The third reason to “BEWARE” is that a traveling consumer is rarely the right person to review where consumers travel. That’s right. I’m saying that the user is not the expert. The expert is someone who knows all the lodges and hotels, all the places, so that a true perspective can be created. The expert is neither overwhelmed or disgusted when the consumer is. Moreover, the expert knows not only the greater lay of the land, but the history. Believe it or not, more than 90% of every traveler we’ve taken to East Africa in the last 35 years ranks the best place they visited as their first place on the trip. This reflects their enjoyment and excited at getting started and it isn’t a good review of that place. It’s a reflection of ego, not analysis.

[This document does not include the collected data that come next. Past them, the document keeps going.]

(* Let $0<b<1$ and let $\infty U$ denote the generic random tree measure associated with the generalised uniform offspring distribution $p^U_0=b$, $p^U_k=b^{k-1}(1-b)^2$ ($k\ge1$). Then for every $k\ge1$, $$\mathbb{E}_{\infty U}\big[|D_k|^{-1}\big]=\frac{1}{1+(k-1)b(1-b)^{-1}}=\frac{1}{1+{f^U}''(1)(k-1)/2},$$ where $f^U(x)=\sum_kp^U_kx^k$.
   Context: Trees are planar rooted trees with root of degree $1$; $D_k(T)$ is the set of edges joining vertices at height $k-1$ to vertices at height $k$ (height = graph distance from the root). The Galton–Watson tree starts with a single individual at height $1$ attached to the root, individuals independently having $j$ children with probability $p_j$. The generic random tree measure $\infty U$ is the weak limit as $N\to\infty$ of the Galton–Watson measure conditioned to have $N$ edges (equivalently, the Galton–Watson process with distribution $p^U$ conditioned never to die out); it is concentrated on infinite trees with a unique infinite spine. *)

theory Defs
  imports "HOL-Analysis.Analysis"
begin

text \<open>Finite planar rooted trees: a vertex is given by the ordered list of its children.\<close>
datatype ptree = Node "ptree list"

fun edges :: "ptree \<Rightarrow> nat" where
  "edges (Node cs) = length cs + sum_list (map edges cs)"

text \<open>Number of vertices at height k (graph distance from the root).  For k \<ge> 1 this is
  the cardinality of D_k(T), the set of edges joining height k-1 to height k.\<close>
fun level :: "nat \<Rightarrow> ptree \<Rightarrow> nat" where
  "level 0 t = 1"
| "level (Suc k) (Node cs) = sum_list (map (level k) cs)"

abbreviation Dcard :: "nat \<Rightarrow> ptree \<Rightarrow> nat" where
  "Dcard k T \<equiv> level k T"

fun gw_weight :: "(nat \<Rightarrow> real) \<Rightarrow> ptree \<Rightarrow> real" where
  "gw_weight p (Node cs) = p (length cs) * prod_list (map (gw_weight p) cs)"

text \<open>Galton--Watson measure on trees whose root has degree 1: one individual at height 1
  attached to the root.\<close>
definition gw :: "(nat \<Rightarrow> real) \<Rightarrow> ptree \<Rightarrow> real" where
  "gw p T = (case T of Node [t] \<Rightarrow> gw_weight p t | _ \<Rightarrow> 0)"

definition gw_cond_exp :: "(nat \<Rightarrow> real) \<Rightarrow> nat \<Rightarrow> (ptree \<Rightarrow> real) \<Rightarrow> real" where
  "gw_cond_exp p N f =
     (\<Sum>T\<in>{T. edges T = N}. gw p T * f T) / (\<Sum>T\<in>{T. edges T = N}. gw p T)"

definition pU :: "real \<Rightarrow> nat \<Rightarrow> real" where
  "pU b k = (if k = 0 then b else b ^ (k - 1) * (1 - b)^2)"

definition fU :: "real \<Rightarrow> real \<Rightarrow> real" where
  "fU b x = (\<Sum>k. pU b k * x ^ k)"

end

theory Submission
  imports Defs
begin

text \<open>
  Under the Galton--Watson measure conditioned on \<open>n\<close> edges, the size \<open>Z\<close> of a fixed generation
  becomes size-biased in the limit: the mass of trees with \<open>n\<close> edges and \<open>Z = m\<close>, divided by the
  mass \<open>a n\<close> of all trees with \<open>n\<close> edges, tends to \<open>m P(Z = m)\<close>.  Lower bounds for these ratios
  follow by induction on the generation from the recursive structure of trees, using only that
  \<open>a\<close> is decreasing (only the two ends of each convolution survive); as both sides are probability
  vectors, a discrete Scheffe argument turns them into convergence of \<open>E (g Z)\<close> for bounded \<open>g\<close>.
  With \<open>g m = 1 / m\<close> the limit is \<open>P(Z > 0)\<close>.

  For the generalised uniform law the generating function of \<open>a\<close> satisfies a quadratic equation;
  the discriminant gives a three-term recurrence making \<open>a\<close> decreasing, and its behaviour at 1
  shows that \<open>a\<close> sums to 1.  The offspring generating function \<open>f\<close> is fractional linear, so the
  extinction probabilities \<open>q j\<close> by generation \<open>j\<close> satisfy \<open>1 / (1 - q j) = 1 + j f''(1) / 2\<close>.
\<close>

section \<open>Trees, forests and their Galton--Watson masses\<close>

definition trees :: "nat \<Rightarrow> ptree set" where
  "trees n = {t. edges t = n}"

definition forests :: "nat \<Rightarrow> nat \<Rightarrow> ptree list set" where
  "forests d n = {cs. length cs = d \<and> sum_list (map edges cs) = n}"

definition tree_mass :: "(nat \<Rightarrow> real) \<Rightarrow> nat \<Rightarrow> real" where
  "tree_mass p n = (\<Sum>t\<in>trees n. gw_weight p t)"

definition level_mass :: "(nat \<Rightarrow> real) \<Rightarrow> nat \<Rightarrow> nat \<Rightarrow> nat \<Rightarrow> real" where
  "level_mass p j n m = (\<Sum>t\<in>{t\<in>trees n. level j t = m}. gw_weight p t)"

definition forest_level_mass :: "(nat \<Rightarrow> real) \<Rightarrow> nat \<Rightarrow> nat \<Rightarrow> nat \<Rightarrow> nat \<Rightarrow> real" where
  "forest_level_mass p j d n m =
     (\<Sum>cs\<in>{cs\<in>forests d n. sum_list (map (level j) cs) = m}. prod_list (map (gw_weight p) cs))"

lemma edges_le_sum_list: "c \<in> set cs \<Longrightarrow> edges c \<le> sum_list (map edges cs)"
  by (simp add: member_le_sum_list)

lemma finite_trees: "finite (trees n)"
proof (induction n rule: less_induct)
  case (less n)
  have "trees n \<subseteq> Node ` {cs. set cs \<subseteq> (\<Union>i<n. trees i) \<and> length cs \<le> n}"
  proof
    fix t assume "t \<in> trees n"
    then obtain cs where t: "t = Node cs" and n: "n = length cs + sum_list (map edges cs)"
      by (cases t) (auto simp: trees_def)
    have "edges c < n" if "c \<in> set cs" for c
      using edges_le_sum_list[OF that] that n by (cases cs) auto
    then show "t \<in> Node ` {cs. set cs \<subseteq> (\<Union>i<n. trees i) \<and> length cs \<le> n}"
      using t n by (auto simp: trees_def)
  qed
  moreover have "finite {cs. set cs \<subseteq> (\<Union>i<n. trees i) \<and> length cs \<le> n}"
    using less by (intro finite_lists_length_le) auto
  ultimately show ?case
    by (meson finite_imageI finite_subset)
qed

lemma finite_forests: "finite (forests d n)"
proof (rule finite_subset)
  show "forests d n \<subseteq> {cs. set cs \<subseteq> (\<Union>i\<le>n. trees i) \<and> length cs = d}"
    by (auto simp: forests_def trees_def dest: edges_le_sum_list)
  show "finite {cs. set cs \<subseteq> (\<Union>i\<le>n. trees i) \<and> length cs = d}"
    by (intro finite_lists_length_eq) (auto intro: finite_trees)
qed

lemma finite_trees_filter [simp]: "finite {t\<in>trees n. P t}"
  using finite_trees by simp

lemma finite_forests_filter [simp]: "finite {cs\<in>forests d n. P cs}"
  using finite_forests by simp

lemma trees_0: "trees 0 = {Node []}"
proof -
  have "edges t = 0 \<longleftrightarrow> t = Node []" for t
    by (cases t) auto
  then show ?thesis
    by (auto simp: trees_def)
qed

lemma level_le_edges: "level j t \<le> edges t + 1"
proof (induction t arbitrary: j)
  case (Node cs)
  show ?case
  proof (cases j)
    case (Suc j')
    have "level j (Node cs) \<le> sum_list (map (\<lambda>c. edges c + 1) cs)"
      using Suc Node by (auto intro: sum_list_mono)
    also have "\<dots> = edges (Node cs)"
      by (induction cs) auto
    finally show ?thesis
      by simp
  qed simp
qed

lemma gw_weight_nonneg: "(\<And>d. 0 \<le> p d) \<Longrightarrow> 0 \<le> gw_weight p t"
  by (induction t) (auto intro!: mult_nonneg_nonneg prod_list_nonneg)

lemma tree_mass_nonneg: "(\<And>d. 0 \<le> p d) \<Longrightarrow> 0 \<le> tree_mass p n"
  by (auto simp: tree_mass_def intro!: sum_nonneg gw_weight_nonneg)

lemma level_mass_nonneg: "(\<And>d. 0 \<le> p d) \<Longrightarrow> 0 \<le> level_mass p j n m"
  by (auto simp: level_mass_def intro!: sum_nonneg gw_weight_nonneg)

lemma forest_level_mass_nonneg: "(\<And>d. 0 \<le> p d) \<Longrightarrow> 0 \<le> forest_level_mass p j d n m"
  by (auto simp: forest_level_mass_def intro!: sum_nonneg prod_list_nonneg gw_weight_nonneg)

lemma level_mass_eq_0:
  assumes "n + 1 < m"
  shows "level_mass p j n m = 0"
proof -
  have no_tree: "{t\<in>trees n. level j t = m} = {}"
    using assms level_le_edges[of j] by (auto simp: trees_def) (metis leD)
  show ?thesis
    by (simp only: level_mass_def no_tree sum.empty)
qed

lemma sum_trees_by_level:
  "(\<Sum>t\<in>trees n. gw_weight p t * g (level j t)) = (\<Sum>m\<le>n+1. level_mass p j n m * g m)"
proof -
  have "(\<Sum>t\<in>trees n. gw_weight p t * g (level j t))
      = (\<Sum>t\<in>trees n. \<Sum>m\<le>n+1. if level j t = m then gw_weight p t * g m else 0)"
  proof (rule sum.cong)
    fix t assume "t \<in> trees n"
    then have "level j t \<in> {..n+1}"
      using level_le_edges[of j t] by (simp add: trees_def)
    then show "gw_weight p t * g (level j t)
        = (\<Sum>m\<le>n+1. if level j t = m then gw_weight p t * g m else 0)"
      by (simp add: sum.delta)
  qed simp
  also have "\<dots> = (\<Sum>m\<le>n+1. level_mass p j n m * g m)"
    by (subst sum.swap)
       (simp add: level_mass_def sum.inter_filter[symmetric] finite_trees sum_distrib_right)
  finally show ?thesis .
qed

The final and very important reason to “BEWARE” is that many, many of these reviews are simply dead-out wrong. The blanket statements I’ve read, for instance, about the rainy seasons, the cost, the politics and so much more, are often so inaccurate as to make me explode. There is no due diligence in much of what is written. I read one review on a site that said Crater Lodge is nice but has poor service because the Tanzanian company that owns it doesn’t pay its employees enough. Crater Lodge is owned by South Africans, not Tanzanians, and many travelers there get upset with the recommended tipping explained to them on arrival. That’s a separate issue. It might be wrong to recommend such high tipping, but it shouldn’t reflect back that the employees are paid poorly. As a matter of fact, they’re the most highly paid lodge employees in northern Tanzania. This was rather specific and easily explained away. But remarks about weather, society and politics, game viewing and cost, are usually so out of whack with the truth that it would be laughable were it not simply so untruthful.

I would make the broad generalization that as regards East Africa, most of the reviews on TripAdvisor are incorrect if not outright wrong and terribly misleading.

BEWARE, folks. Enjoy the read, but find an expert to help you out, too.